- **WHAT THE TASK ASKS**:
What you return has to match the listing below line for line.

- **PROVIDED RECORDS**:
lemma reflects_commutativity_if_kernel_central:
  assumes central: "\<And>k y. h k = 0 \<Longrightarrow> k * y = y * k"
  shows "reflects_commutativity h"
  unfolding reflects_commutativity_def
proof (intro allI impI)
  fix a b
  assume "h a * h b = h b * h a"
  define c where "c = a * b - b * a"
  have hcs: "h (cstar c) = 0"
    using \<open>h a * h b = h b * h a\<close> by (simp add: c_def star_hom_cstar star_hom_diff star_hom_mult)
  have "h (cstar c * a) = 0" using hcs by (simp add: star_hom_mult)
  then have "cstar c * a * b = b * (cstar c * a)" by (rule central)
  also have "\<dots> = (b * cstar c) * a" by (simp add: mult.assoc)
  also have "\<dots> = cstar c * b * a" by (simp only: central[OF hcs, of b])
  finally have "cstar c * c = 0" by (simp add: c_def right_diff_distrib mult.assoc)
  then have "c = 0" by (rule eq_zero_if_cstar_mult_self_eq_zero)
  then show "a * b = b * a" by (simp add: c_def)
qed

lemma kernel_central_if_selfadjoint_kernel_commute:
  assumes sa: "\<And>x y. cstar x = x \<Longrightarrow> cstar y = y \<Longrightarrow> h x = 0 \<Longrightarrow> x * y = y * x"
    and "h k = 0"
  shows "k * y = y * k"
proof -
  have selfadj_central: "x * y = y * x" if "cstar x = x" "h x = 0" for x
    by (rule commute_if_commute_hermitian_parts[OF
          sa[OF that(1) cstar_hermitian_parts(1) that(2)]
          sa[OF that(1) cstar_hermitian_parts(2) that(2)]])
  have hk: "h (k + cstar k) = 0" "h (scaleC (-\<i>) (cstar k - k)) = 0"
    using \<open>h k = 0\<close> by (simp_all add: star_hom_add star_hom_cstar star_hom_diff star_hom_scaleC)
  have "y * k = k * y"
    by (rule commute_if_commute_hermitian_parts[OF
          selfadj_central[OF cstar_hermitian_parts(1) hk(1), symmetric]
          selfadj_central[OF cstar_hermitian_parts(2) hk(2), symmetric]])
  then show ?thesis by (rule sym)
qed

lemma selfadjoint_kernel_commute_if_right_adjoint:
  assumes "has_right_adjoint comm_subalgebras comm_subalgebras (C_map h)"
    and "cstar x = x" "cstar y = y" "h x = 0"
  shows "x * y = y * x"
proof -
  obtain g where gE: "\<And>E. E \<in> comm_subalgebras \<Longrightarrow> g E \<in> comm_subalgebras"
    and adj: "\<And>D E. D \<in> comm_subalgebras \<Longrightarrow> E \<in> comm_subalgebras \<Longrightarrow>
      C_map h D \<subseteq> E \<longleftrightarrow> D \<subseteq> g E"
    using assms(1) unfolding has_right_adjoint_def by blast
  define Dy where "Dy = commutant (commutant {y})"
  have Dy: "Dy \<in> comm_subalgebras"
    unfolding Dy_def using assms(3) by (intro bicommutant_in_comm_subalgebras) auto
  define E where "E = commutant (commutant (h ` Dy))"
  have E: "E \<in> comm_subalgebras"
    unfolding E_def using Dy
    by (intro bicommutant_in_comm_subalgebras)
      (auto simp: comm_subalgebras_def cstar_subalgebra_def
        simp flip: star_hom_cstar star_hom_mult)
  define Dx where "Dx = h -` E \<inter> commutant (commutant {x})"
  have "commutant (commutant {x}) \<in> comm_subalgebras"
    using assms(2) by (intro bicommutant_in_comm_subalgebras) auto
  then have Dx: "Dx \<in> comm_subalgebras"
    using cstar_subalgebra_Int[OF cstar_subalgebra_vimage_star_hom] E
    by (auto simp: Dx_def comm_subalgebras_def)
  have "x \<in> Dx"
    using E assms(4) subset_bicommutant[of "{x}"] zero_in_cstar_subalgebra
    by (auto simp: Dx_def comm_subalgebras_def)
  moreover have "Dx \<subseteq> g E" using adj[OF Dx E] by (auto simp: C_map_def Dx_def)
  moreover have "Dy \<subseteq> g E" using adj[OF Dy E] subset_bicommutant[of "h ` Dy"]
    by (simp add: C_map_def E_def)
  moreover have "y \<in> Dy" using subset_bicommutant[of "{y}"] by (simp add: Dy_def)
  ultimately show ?thesis using comm_subalgebras_commute[OF gE[OF E]] by blast
qed

lemma right_adjoint_if_reflects_commutativity:
  assumes "reflects_commutativity h"
  shows "has_right_adjoint comm_subalgebras comm_subalgebras (C_map h)"
  unfolding has_right_adjoint_def
proof (intro exI[of _ "\<lambda>E. h -` E"] conjI ballI)
  show "h -` E \<in> comm_subalgebras" if "E \<in> comm_subalgebras" for E
    using that cstar_subalgebra_vimage_star_hom assms
    by (auto simp: comm_subalgebras_def reflects_commutativity_def)
  show "C_map h D \<subseteq> E \<longleftrightarrow> D \<subseteq> h -` E" for D E
    by (auto simp: C_map_def)
qed

end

- **ANSWER FOR THE TASK**:
lemma reflects_commutativity_if_kernel_central:
  assumes central: "\<And>k y. h k = 0 \<Longrightarrow> k * y = y * k"
  shows "reflects_commutativity h"
  unfolding reflects_commutativity_def
proof (intro allI impI)
  fix a b
  assume "h a * h b = h b * h a"
  define c where "c = a * b - b * a"
  have hcs: "h (cstar c) = 0"
    using \<open>h a * h b = h b * h a\<close> by (simp add: c_def star_hom_cstar star_hom_diff star_hom_mult)
  have "h (cstar c * a) = 0" using hcs by (simp add: star_hom_mult)
  then have "cstar c * a * b = b * (cstar c * a)" by (rule central)
  also have "\<dots> = (b * cstar c) * a" by (simp add: mult.assoc)
  also have "\<dots> = cstar c * b * a" by (simp only: central[OF hcs, of b])
  finally have "cstar c * c = 0" by (simp add: c_def right_diff_distrib mult.assoc)
  then have "c = 0" by (rule eq_zero_if_cstar_mult_self_eq_zero)
  then show "a * b = b * a" by (simp add: c_def)
qed

lemma kernel_central_if_selfadjoint_kernel_commute:
  assumes sa: "\<And>x y. cstar x = x \<Longrightarrow> cstar y = y \<Longrightarrow> h x = 0 \<Longrightarrow> x * y = y * x"
    and "h k = 0"
  shows "k * y = y * k"
proof -
  have selfadj_central: "x * y = y * x" if "cstar x = x" "h x = 0" for x
    by (rule commute_if_commute_hermitian_parts[OF
          sa[OF that(1) cstar_hermitian_parts(1) that(2)]
          sa[OF that(1) cstar_hermitian_parts(2) that(2)]])
  have hk: "h (k + cstar k) = 0" "h (scaleC (-\<i>) (cstar k - k)) = 0"
    using \<open>h k = 0\<close> by (simp_all add: star_hom_add star_hom_cstar star_hom_diff star_hom_scaleC)
  have "y * k = k * y"
    by (rule commute_if_commute_hermitian_parts[OF
          selfadj_central[OF cstar_hermitian_parts(1) hk(1), symmetric]
          selfadj_central[OF cstar_hermitian_parts(2) hk(2), symmetric]])
  then show ?thesis by (rule sym)
qed

lemma selfadjoint_kernel_commute_if_right_adjoint:
  assumes "has_right_adjoint comm_subalgebras comm_subalgebras (C_map h)"
    and "cstar x = x" "cstar y = y" "h x = 0"
  shows "x * y = y * x"
proof -
  obtain g where gE: "\<And>E. E \<in> comm_subalgebras \<Longrightarrow> g E \<in> comm_subalgebras"
    and adj: "\<And>D E. D \<in> comm_subalgebras \<Longrightarrow> E \<in> comm_subalgebras \<Longrightarrow>
      C_map h D \<subseteq> E \<longleftrightarrow> D \<subseteq> g E"
    using assms(1) unfolding has_right_adjoint_def by blast
  define Dy where "Dy = commutant (commutant {y})"
  have Dy: "Dy \<in> comm_subalgebras"
    unfolding Dy_def using assms(3) by (intro bicommutant_in_comm_subalgebras) auto
  define E where "E = commutant (commutant (h ` Dy))"
  have E: "E \<in> comm_subalgebras"
    unfolding E_def using Dy
    by (intro bicommutant_in_comm_subalgebras)
      (auto simp: comm_subalgebras_def cstar_subalgebra_def
        simp flip: star_hom_cstar star_hom_mult)
  define Dx where "Dx = h -` E \<inter> commutant (commutant {x})"
  have "commutant (commutant {x}) \<in> comm_subalgebras"
    using assms(2) by (intro bicommutant_in_comm_subalgebras) auto
  then have Dx: "Dx \<in> comm_subalgebras"
    using cstar_subalgebra_Int[OF cstar_subalgebra_vimage_star_hom] E
    by (auto simp: Dx_def comm_subalgebras_def)
  have "x \<in> Dx"
    using E assms(4) subset_bicommutant[of "{x}"] zero_in_cstar_subalgebra
    by (auto simp: Dx_def comm_subalgebras_def)
  moreover have "Dx \<subseteq> g E" using adj[OF Dx E] by (auto simp: C_map_def Dx_def)
  moreover have "Dy \<subseteq> g E" using adj[OF Dy E] subset_bicommutant[of "h ` Dy"]
    by (simp add: C_map_def E_def)
  moreover have "y \<in> Dy" using subset_bicommutant[of "{y}"] by (simp add: Dy_def)
  ultimately show ?thesis using comm_subalgebras_commute[OF gE[OF E]] by blast
qed

lemma right_adjoint_if_reflects_commutativity:
  assumes "reflects_commutativity h"
  shows "has_right_adjoint comm_subalgebras comm_subalgebras (C_map h)"
  unfolding has_right_adjoint_def
proof (intro exI[of _ "\<lambda>E. h -` E"] conjI ballI)
  show "h -` E \<in> comm_subalgebras" if "E \<in> comm_subalgebras" for E
    using that cstar_subalgebra_vimage_star_hom assms
    by (auto simp: comm_subalgebras_def reflects_commutativity_def)
  show "C_map h D \<subseteq> E \<longleftrightarrow> D \<subseteq> h -` E" for D E
    by (auto simp: C_map_def)
qed

end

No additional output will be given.